Scottish Women's Premier League
- Season: 2010
- Champions: Glasgow City (5th title)
- Relegated: Aberdeen
- Champions League: Glasgow City
- Matches: 132
- Top goalscorer: Diana Barry (43)
- Biggest home win: Glasgow City 29–0 FC Kilmarnock
- Biggest away win: Dundee United SC 0–21 Spartans
- Highest scoring: Glasgow City 29–0 FC Kilmarnock
- Longest winning run: Glasgow City, 12 (13 June – 7 November)
- Longest unbeaten run: Glasgow City, 22 (14 March – 7 November)
- Longest winless run: FC Kilmarnock, 19 (21 March – 24 October)
- Longest losing run: FC Kilmarnock, 19 (21 March – 24 October)

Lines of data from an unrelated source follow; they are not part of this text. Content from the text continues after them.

(* Let $\vec\alpha\in\mathbb{R}^{10}$ be such that $\Psi[\vec\alpha]$ is an irreducible rational function and $\alpha_1+i\alpha_2\ne0$. Then for every $r>0$ the ten maps $K_1[\vec\alpha],\dots,K_{10}[\vec\alpha]:\mathbb{R}^2\to\mathbb{R}^3$ are linearly independent over $\mathbb{R}$.
   Context: Identify $\mathbb{R}^2$ with $\mathbb{C}$, $z=x+iy$; $\mathcal S(z)=\frac{1}{1+|z|^2}(2\,\mathrm{Re}\,z,2\,\mathrm{Im}\,z,|z|^2-1)$ is the stereographic projection. For $\vec\alpha=(\alpha_1,\dots,\alpha_{10})\in\mathbb{R}^{10}$ let $\Psi[\vec\alpha](z)=\frac{(\alpha_1+i\alpha_2)z^2+(\alpha_3+i\alpha_4)z+(\alpha_5+i\alpha_6)}{1-(\alpha_7+i\alpha_8)z-(\alpha_9+i\alpha_{10})z^2}$. For a parameter $r>0$ and $i=1,\dots,10$, $K_i[\vec\alpha]=r^{\beta_i}\,\partial_{\alpha_i}\mathcal S(\Psi[\vec\alpha])$, where $\beta_i=0$ for $i\in\{1,2,5,6\}$, $\beta_i=-1$ for $i\in\{3,4,7,8\}$, $\beta_i=-2$ for $i\in\{9,10\}$. *)

theory Defs
  imports "HOL-Analysis.Analysis" "HOL-Computational_Algebra.Polynomial"
begin

text \<open>Parameters alpha are indexed 1..10 as a function nat => real (only indices 1..10 matter).\<close>

definition cA :: "(nat \<Rightarrow> real) \<Rightarrow> complex" where "cA a = Complex (a 1) (a 2)"
definition cB :: "(nat \<Rightarrow> real) \<Rightarrow> complex" where "cB a = Complex (a 3) (a 4)"
definition cC :: "(nat \<Rightarrow> real) \<Rightarrow> complex" where "cC a = Complex (a 5) (a 6)"
definition cD :: "(nat \<Rightarrow> real) \<Rightarrow> complex" where "cD a = Complex (a 7) (a 8)"
definition cE :: "(nat \<Rightarrow> real) \<Rightarrow> complex" where "cE a = Complex (a 9) (a 10)"

definition numer_poly :: "(nat \<Rightarrow> real) \<Rightarrow> complex poly" where
  "numer_poly a = [:cC a, cB a, cA a:]"
definition denom_poly :: "(nat \<Rightarrow> real) \<Rightarrow> complex poly" where
  "denom_poly a = [:1, - cD a, - cE a:]"

definition sproj :: "complex \<Rightarrow> real \<times> real \<times> real" where
  "sproj w = (2 * Re w / (1 + (cmod w)\<^sup>2), 2 * Im w / (1 + (cmod w)\<^sup>2),
              ((cmod w)\<^sup>2 - 1) / (1 + (cmod w)\<^sup>2))"

text \<open>S(Psi[alpha](z)), with Psi[alpha] viewed as a map into the Riemann sphere:
  at poles (denominator zero) the value is infinity, whose image under S is the north pole.\<close>
definition SPsi :: "(nat \<Rightarrow> real) \<Rightarrow> complex \<Rightarrow> real \<times> real \<times> real" where
  "SPsi a z = (if poly (denom_poly a) z = 0 then (0, 0, 1)
               else sproj (poly (numer_poly a) z / poly (denom_poly a) z))"

definition beta :: "nat \<Rightarrow> real" where
  "beta i = (if i \<in> {1,2,5,6} then 0 else if i \<in> {3,4,7,8} then -1 else -2)"

definition K :: "real \<Rightarrow> nat \<Rightarrow> (nat \<Rightarrow> real) \<Rightarrow> complex \<Rightarrow> real \<times> real \<times> real" where
  "K r i a z = (r powr beta i) *\<^sub>R
     vector_derivative (\<lambda>t::real. SPsi (a(i := a i + t)) z) (at 0)"

end

theory Submission
  imports Defs "HOL-Computational_Algebra.Polynomial_Factorial" "HOL-Computational_Algebra.Field_as_Ring"
begin

text \<open>Write \<open>\<Psi> = N / D\<close> and let \<open>N\<^sub>i, D\<^sub>i\<close> be the partial derivatives of \<open>N, D\<close> in
  \<open>\<alpha>\<^sub>i\<close>. At a point \<open>z\<close> off the poles, \<open>K\<^sub>i\<close> is \<open>r ^ \<beta>\<^sub>i\<close> times the differential of the
  stereographic projection at \<open>\<Psi>(z)\<close> applied to \<open>(N\<^sub>i D - N D\<^sub>i) / D\<^sup>2\<close>, and that
  differential is injective. A vanishing combination with weights \<open>e\<^sub>i = c\<^sub>i r ^ \<beta>\<^sub>i\<close> therefore
  gives \<open>R D = N W\<close> for \<open>R = \<Sum> e\<^sub>i N\<^sub>i\<close> and \<open>W = \<Sum> e\<^sub>i D\<^sub>i\<close>, first off the finitely many
  poles and hence as polynomials. As \<open>N\<close> and \<open>D\<close> are coprime and \<open>deg R \<le> 2 = deg N\<close>, \<open>R\<close> is a
  constant multiple of \<open>N\<close>; evaluating at \<open>0\<close>, where \<open>D = 1\<close> and \<open>W = 0\<close>, kills the constant,
  so \<open>R = W = 0\<close>, i.e. all \<open>e\<^sub>i\<close> vanish.\<close>

definition sproj_deriv :: "complex \<Rightarrow> complex \<Rightarrow> real \<times> real \<times> real" where
  "sproj_deriv w v = (let m = 1 + (cmod w)\<^sup>2; s = inner w v in
     (2 * Re v / m - 4 * Re w * s / m\<^sup>2, 2 * Im v / m - 4 * Im w * s / m\<^sup>2, 4 * s / m\<^sup>2))"

lemma has_derivative_sproj: "(sproj has_derivative sproj_deriv w) (at w)"
proof -
  have m: "1 + inner w w \<noteq> 0"
    by (smt (verit) inner_ge_zero)
  have sproj_inner: "sproj = (\<lambda>w. (2 * Re w / (1 + inner w w), 2 * Im w / (1 + inner w w),
                 1 - 2 / (1 + inner w w)))"
  proof -
    have "(s - 1) / (1 + s) = 1 - 2 / (1 + s)" if "0 \<le> s" for s :: real
      using that by (simp add: field_simps)
    then show ?thesis
      by (simp add: fun_eq_iff sproj_def power2_norm_eq_inner)
  qed
  show ?thesis
    unfolding sproj_inner
    apply (rule derivative_eq_intros refl m bounded_linear.has_derivative[OF bounded_linear_Re]
        bounded_linear.has_derivative[OF bounded_linear_Im])+
    unfolding sproj_deriv_def Let_def power2_norm_eq_inner
    using m by (simp add: fun_eq_iff inner_commute inverse_eq_divide power2_eq_square
        diff_divide_distrib add_divide_distrib)
qed

lemma linear_sproj_deriv: "linear (sproj_deriv w)"
  using has_derivative_sproj by (rule has_derivative_linear)

lemma sproj_deriv_eq_0_iff: "sproj_deriv w v = 0 \<longleftrightarrow> v = 0"
proof
  assume 0: "sproj_deriv w v = 0"
  define m where "m = 1 + (cmod w)\<^sup>2"
  have "m > 0"
    unfolding m_def by (smt (verit) zero_le_power2)
  with 0 have "inner w v = 0"
    by (simp add: sproj_deriv_def Let_def zero_prod_def m_def[symmetric])
  with 0 \<open>m > 0\<close> show "v = 0"
    by (simp add: sproj_deriv_def Let_def zero_prod_def m_def[symmetric] complex_eq_iff)
qed (simp add: sproj_deriv_def zero_prod_def)

lemma has_vector_derivative_affine_quotient:
  fixes n0 n1 d0 d1 :: complex
  assumes "d0 \<noteq> 0"
  shows "((\<lambda>t::real. (n0 + of_real t * n1) / (d0 + of_real t * d1)) has_vector_derivative
          (n1 * d0 - n0 * d1) / d0\<^sup>2) (at 0)"
proof -
  have "((\<lambda>x. (n0 + x * n1) / (d0 + x * d1)) has_field_derivative
          (n1 * d0 - n0 * d1) / d0\<^sup>2) (at (of_real 0))"
    by (rule derivative_eq_intros refl | use assms in \<open>simp add: power2_eq_square\<close>)+
  from has_vector_derivative_real_field[OF this] show ?thesis by simp
qed

text \<open>Both polynomials are affine in \<open>\<alpha>\<close>; these are their partial derivatives in \<open>\<alpha>\<^sub>i\<close>.\<close>

definition numer_dir :: "nat \<Rightarrow> complex poly" where
  "numer_dir i = numer_poly (\<lambda>j. of_bool (j = i))"

definition denom_dir :: "nat \<Rightarrow> complex poly" where
  "denom_dir i = denom_poly (\<lambda>j. of_bool (j = i)) - 1"

lemma numer_poly_update:
  "numer_poly (a(i := a i + t)) = numer_poly a + smult (of_real t) (numer_dir i)"
  by (auto simp: numer_dir_def numer_poly_def cA_def cB_def cC_def complex_eq_iff)

lemma denom_poly_update:
  "denom_poly (a(i := a i + t)) = denom_poly a + smult (of_real t) (denom_dir i)"
  by (auto simp: denom_dir_def denom_poly_def cD_def cE_def one_pCons complex_eq_iff)

lemma atLeastAtMost_1_10: "{1..10::nat} = {1,2,3,4,5,6,7,8,9,10}"
  by (auto; arith)

lemma sum_numer_dir: "(\<Sum>i=1..10. smult (of_real (e i)) (numer_dir i)) = numer_poly e"
  unfolding atLeastAtMost_1_10 by (simp add: numer_dir_def numer_poly_def cA_def cB_def cC_def complex_eq_iff)

lemma sum_denom_dir: "(\<Sum>i=1..10. smult (of_real (e i)) (denom_dir i)) = denom_poly e - 1"
  unfolding atLeastAtMost_1_10 by (simp add: denom_dir_def denom_poly_def cD_def cE_def one_pCons complex_eq_iff)

lemma K_eq_sproj_deriv:
  assumes n: "poly (numer_poly a) z = n" and d: "poly (denom_poly a) z = d" and "d \<noteq> 0"
  shows "K r i a z = r powr beta i *\<^sub>R
           sproj_deriv (n / d) ((poly (numer_dir i) z * d - n * poly (denom_dir i) z) / d\<^sup>2)"
proof -
  define g where "g t = (n + of_real t * poly (numer_dir i) z) / (d + of_real t * poly (denom_dir i) z)"
    for t :: real
  define S where "S = {t::real. d + of_real t * poly (denom_dir i) z \<noteq> 0}"
  have "(g has_vector_derivative (poly (numer_dir i) z * d - n * poly (denom_dir i) z) / d\<^sup>2) (at 0)"
    unfolding g_def using \<open>d \<noteq> 0\<close> by (rule has_vector_derivative_affine_quotient)
  then have "((sproj \<circ> g) has_vector_derivative
      sproj_deriv (n / d) ((poly (numer_dir i) z * d - n * poly (denom_dir i) z) / d\<^sup>2)) (at 0)"
    by (rule vector_derivative_diff_chain_within)
      (use has_derivative_sproj in \<open>simp add: g_def has_derivative_at_withinI\<close>)
  moreover have "open S"
    unfolding S_def by (rule open_Collect_neq) (auto intro!: continuous_intros)
  moreover have "0 \<in> S"
    using \<open>d \<noteq> 0\<close> by (simp add: S_def)
  moreover have "(sproj \<circ> g) t = SPsi (a(i := a i + t)) z" if "t \<in> S" for t
    using that by (simp add: S_def SPsi_def numer_poly_update denom_poly_update g_def n d)
  ultimately have "((\<lambda>t. SPsi (a(i := a i + t)) z) has_vector_derivative
      sproj_deriv (n / d) ((poly (numer_dir i) z * d - n * poly (denom_dir i) z) / d\<^sup>2)) (at 0)"
    by (rule has_vector_derivative_transform_within_open)
  then show ?thesis
    unfolding K_def by (simp add: vector_derivative_at)
qed

lemma sum_K_eq_sproj_deriv:
  fixes c :: "nat \<Rightarrow> real" and r :: real
  assumes n: "poly (numer_poly a) z = n" and d: "poly (denom_poly a) z = d" and "d \<noteq> 0"
  defines "e \<equiv> \<lambda>i. c i * r powr beta i"
  shows "(\<Sum>i=1..10. c i *\<^sub>R K r i a z) =
           sproj_deriv (n / d) ((poly (numer_poly e) z * d - n * poly (denom_poly e - 1) z) / d\<^sup>2)"
proof -
  have "(\<Sum>i=1..10. c i *\<^sub>R K r i a z) =
      (\<Sum>i=1..10. e i *\<^sub>R sproj_deriv (n / d) ((poly (numer_dir i) z * d - n * poly (denom_dir i) z) / d\<^sup>2))"
    by (simp add: K_eq_sproj_deriv[OF assms(1-3)] e_def)
  also have "\<dots> = sproj_deriv (n / d)
      (\<Sum>i=1..10. e i *\<^sub>R ((poly (numer_dir i) z * d - n * poly (denom_dir i) z) / d\<^sup>2))"
    by (simp add: linear_sum[OF linear_sproj_deriv] linear_scale[OF linear_sproj_deriv])
  also have "(\<Sum>i=1..10. e i *\<^sub>R ((poly (numer_dir i) z * d - n * poly (denom_dir i) z) / d\<^sup>2)) =
      (poly (\<Sum>i=1..10. smult (of_real (e i)) (numer_dir i)) z * d
        - n * poly (\<Sum>i=1..10. smult (of_real (e i)) (denom_dir i)) z) / d\<^sup>2"
    by (simp add: poly_sum scaleR_conv_of_real sum_divide_distrib sum_distrib_left
        sum_subtractf diff_divide_distrib algebra_simps)
  finally show ?thesis
    by (simp only: sum_numer_dir sum_denom_dir)
qed

lemma poly_eq_0_if_vanishes_off_roots:
  fixes p q :: "'a::{idom,ring_char_0} poly"
  assumes "\<And>z. poly q z \<noteq> 0 \<Longrightarrow> poly p z = 0" and "q \<noteq> 0"
  shows "p = 0"
proof -
  have "poly (p * q) z = 0" for z
    using assms(1)[of z] by (cases "poly q z = 0") simp_all
  then have "p * q = 0"
    using poly_all_0_iff_0[of "p * q"] by blast
  with assms(2) show ?thesis by simp
qed

lemma coprime_cross_mult_eq_imp_zero:
  fixes N D R W :: "'a::field_gcd poly"
  assumes "coprime N D" and "N \<noteq> 0" and "degree R \<le> degree N"
    and "poly D 0 \<noteq> 0" and "poly W 0 = 0" and "R * D = N * W"
  shows "R = 0 \<and> W = 0"
proof -
  have "N dvd R * D"
    using assms(6) by simp
  then have "N dvd R"
    using coprime_dvd_mult_left_iff[OF assms(1)] by simp
  then obtain k where R: "R = N * k" ..
  with assms(2,6) have W: "W = k * D"
    by (simp add: mult.assoc)
  have "k = 0"
  proof (rule ccontr)
    assume "k \<noteq> 0"
    with assms(2,3) R have "degree k = 0"
      by (simp add: degree_mult_eq)
    moreover have "poly k 0 = 0"
      using assms(4,5) W by simp
    ultimately have "k = [:0:]"
      by (metis degree_0_id poly_0_coeff_0)
    with \<open>k \<noteq> 0\<close> show False by simp
  qed
  with R W show ?thesis by simp
qed

lemma param_eq_0_if_numer_denom_trivial:
  assumes "numer_poly e = 0" and "denom_poly e = 1" and "i \<in> {1..10}"
  shows "e i = 0"
  using assms unfolding atLeastAtMost_1_10
  by (auto simp: numer_poly_def denom_poly_def cA_def cB_def cC_def cD_def cE_def one_pCons
      complex_eq_iff)

theorem lemma4p1:
  fixes a :: "nat \<Rightarrow> real" and r :: real
  assumes irred: "coprime (numer_poly a) (denom_poly a)"
    and lead: "cA a \<noteq> 0"
    and r: "r > 0"
  shows "\<forall>c :: nat \<Rightarrow> real.
           (\<forall>z :: complex. (\<Sum>i = 1..10. c i *\<^sub>R K r i a z) = 0)
           \<longrightarrow> (\<forall>i \<in> {1..10}. c i = 0)"
proof (intro allI impI ballI)
  fix c :: "nat \<Rightarrow> real" and i :: nat
  assume comb: "\<forall>z. (\<Sum>i = 1..10. c i *\<^sub>R K r i a z) = 0" and i: "i \<in> {1..10}"
  define e where "e i = c i * r powr beta i" for i
  have "poly (numer_poly e * denom_poly a - numer_poly a * (denom_poly e - 1)) z = 0"
    if "poly (denom_poly a) z \<noteq> 0" for z
    using comb sum_K_eq_sproj_deriv[OF refl refl that, where c = c and r = r] that
    by (simp add: e_def[abs_def] sproj_deriv_eq_0_iff)
  then have "numer_poly e * denom_poly a - numer_poly a * (denom_poly e - 1) = 0"
    by (rule poly_eq_0_if_vanishes_off_roots[where q = "denom_poly a"]) (simp_all add: denom_poly_def)
  moreover have "numer_poly a \<noteq> 0" and "degree (numer_poly e) \<le> degree (numer_poly a)"
    using lead by (simp_all add: numer_poly_def)
  moreover have "poly (denom_poly a) 0 \<noteq> 0" and "poly (denom_poly e - 1) 0 = 0"
    by (simp_all add: denom_poly_def)
  ultimately have "numer_poly e = 0 \<and> denom_poly e - 1 = 0"
    by (intro coprime_cross_mult_eq_imp_zero[OF irred]) simp_all
  then have "e i = 0"
    using i by (intro param_eq_0_if_numer_denom_trivial) auto
  with r show "c i = 0"
    by (simp add: e_def)
qed

end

= 2010 Scottish Women's Premier League =

The 2010 Scottish Women's Premier League was the ninth season of the Scottish Women's Premier League, the top level of women's football in Scotland. 12 teams contested the championship. It was played as a double round-robin within the 2010 calendar year (matches were played between March and November), following a format change in 2009. As that 2009 season had been a transitional, shortened campaign with only one round of fixtures, it was determined that no promotion or relegation would take place, although a championship title was still awarded, and the participants in 2010 were unchanged.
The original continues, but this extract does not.